#### [Task to complete]
Look in the material below for the line with "multiset \<Rightarrow> ('b" and the line with "by (rule inj_onI) simp", then set down exactly those two lines and all lines between, nothing more.

= = = =

text \<open>The weight of a monic \<open>f\<close> only sees the roots of \<open>f\<close>: its degree-one irreducible factors
  are the \<open>X - a\<close>, each with exponent the multiplicity of the root \<open>a\<close>. So let \<open>R\<^sub>C\<close> be the
  generating function of the monic polynomials all of whose roots lie in \<open>C\<close>, each weighted by
  the product of \<open>x\<^sub>m\<close> over \<open>a \<in> C\<close>, where \<open>m\<close> is the multiplicity of \<open>a\<close>. Splitting off the
  factor \<open>(X - b)\<^sup>m\<close> gives \<open>R\<^bsub>C \<union> {b}\<^esub> = (\<Sum> x\<^sub>n t\<^sup>n) R\<^sub>C\<close>, hence \<open>R\<^sub>F = (\<Sum> x\<^sub>n t\<^sup>n)\<^sup>p R\<^sub>\<emptyset>\<close>, and
  \<open>R\<^sub>\<emptyset>\<close> does not involve the \<open>x\<^sub>n\<close>. Setting all \<open>x\<^sub>n = 1\<close>, where \<open>R\<^sub>F\<close> counts the \<open>p\<^sup>n\<close> monic
  polynomials of degree \<open>n\<close>, gives \<open>R\<^sub>\<emptyset> = (1 - t)\<^sup>p / (1 - p t)\<close>.\<close>

text \<open>The import brings in HOL-Algebra, whose \<open>order\<close> of a group element would otherwise shadow
  the root multiplicity \<open>order\<close> of polynomials.\<close>
hide_const (open) Coset.order

definition monic_factors :: "'a::field poly \<Rightarrow> 'a poly multiset" where
  "monic_factors f = (THE P. f = prod_mset P \<and> set_mset P \<subseteq> {q. irreducible q \<and> monic q})"

lemma monic_factors:
  fixes f :: "'a::field poly"
  assumes "monic f"
  shows "prod_mset (monic_factors f) = f" "set_mset (monic_factors f) \<subseteq> {q. irreducible q \<and> monic q}"
  using theI'[OF exactly_one_monic_factorization[OF assms]] by (simp_all add: monic_factors_def)

lemma monic_factors_prod_mset:
  fixes P :: "'a::field poly multiset"
  assumes "set_mset P \<subseteq> {q. irreducible q \<and> monic q}"
  shows "monic_factors (prod_mset P) = P"
proof -
  have "monic (prod_mset P)" using assms by (intro monic_prod_mset) auto
  from monic_factors[OF this] assms show ?thesis by (intro monic_factorization_unique_mset) simp_all
qed

definition count_graph :: "'b multiset \<Rightarrow> ('b \<times> nat) set" where
  "count_graph P = (\<lambda>x. (x, count P x)) ` set_mset P"

lemma inj_on_count_graph: "inj_on (\<lambda>x. (x, count P x)) (set_mset P)"
  by (rule inj_onI) simp

lemma finite_count_graph [simp]: "finite (count_graph P)"
  by (simp add: count_graph_def)

lemma inj_on_fst_count_graph: "inj_on fst (count_graph P)"
  by (auto simp: count_graph_def inj_on_def)

lemma prod_count_graph: "(\<Prod>(g,e)\<in>count_graph P. g ^ e) = prod_mset (P :: 'b::comm_monoid_mult multiset)"
  by (simp add: count_graph_def prod.reindex[OF inj_on_count_graph] prod_mset_multiplicity)

lemma count_graph_exists:
  assumes "finite F" "inj_on fst F" "\<forall>(x,e)\<in>F. 0 < e"
  shows "\<exists>P. F = count_graph P"
  using assms
proof (induction F rule: finite_induct)
  case empty
  show ?case by (simp add: count_graph_def)
next
  case (insert xe F)
  obtain x e where xe: "xe = (x, e)" by (cases xe)
  obtain P where P: "F = count_graph P" using insert by auto
  have "x \<notin># P"
  proof
    assume "x \<in># P"
    hence "(x, count P x) \<in> F" by (simp add: P count_graph_def)
    hence "(x, count P x) = xe"
      using inj_onD[OF insert.prems(1), of "(x, count P x)" xe] xe by simp
    with \<open>(x, count P x) \<in> F\<close> insert.hyps(2) show False by simp
  qed
  moreover have "0 < e" using insert.prems(2) xe by simp
  ultimately have "count_graph (P + replicate_mset e x) = insert (x, e) (count_graph P)"
    unfolding count_graph_def by (auto simp: image_iff split: if_splits)
  thus ?case using P xe by blast
qed

definition type_of_factors :: "'a::zero poly multiset \<Rightarrow> (nat \<times> nat) multiset" where
  "type_of_factors P = image_mset (\<lambda>(g,e). (degree g, e)) (mset_set (count_graph P))"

= = = =

#### [Solution to the exercise]
definition count_graph :: "'b multiset \<Rightarrow> ('b \<times> nat) set" where
  "count_graph P = (\<lambda>x. (x, count P x)) ` set_mset P"

lemma inj_on_count_graph: "inj_on (\<lambda>x. (x, count P x)) (set_mset P)"
  by (rule inj_onI) simp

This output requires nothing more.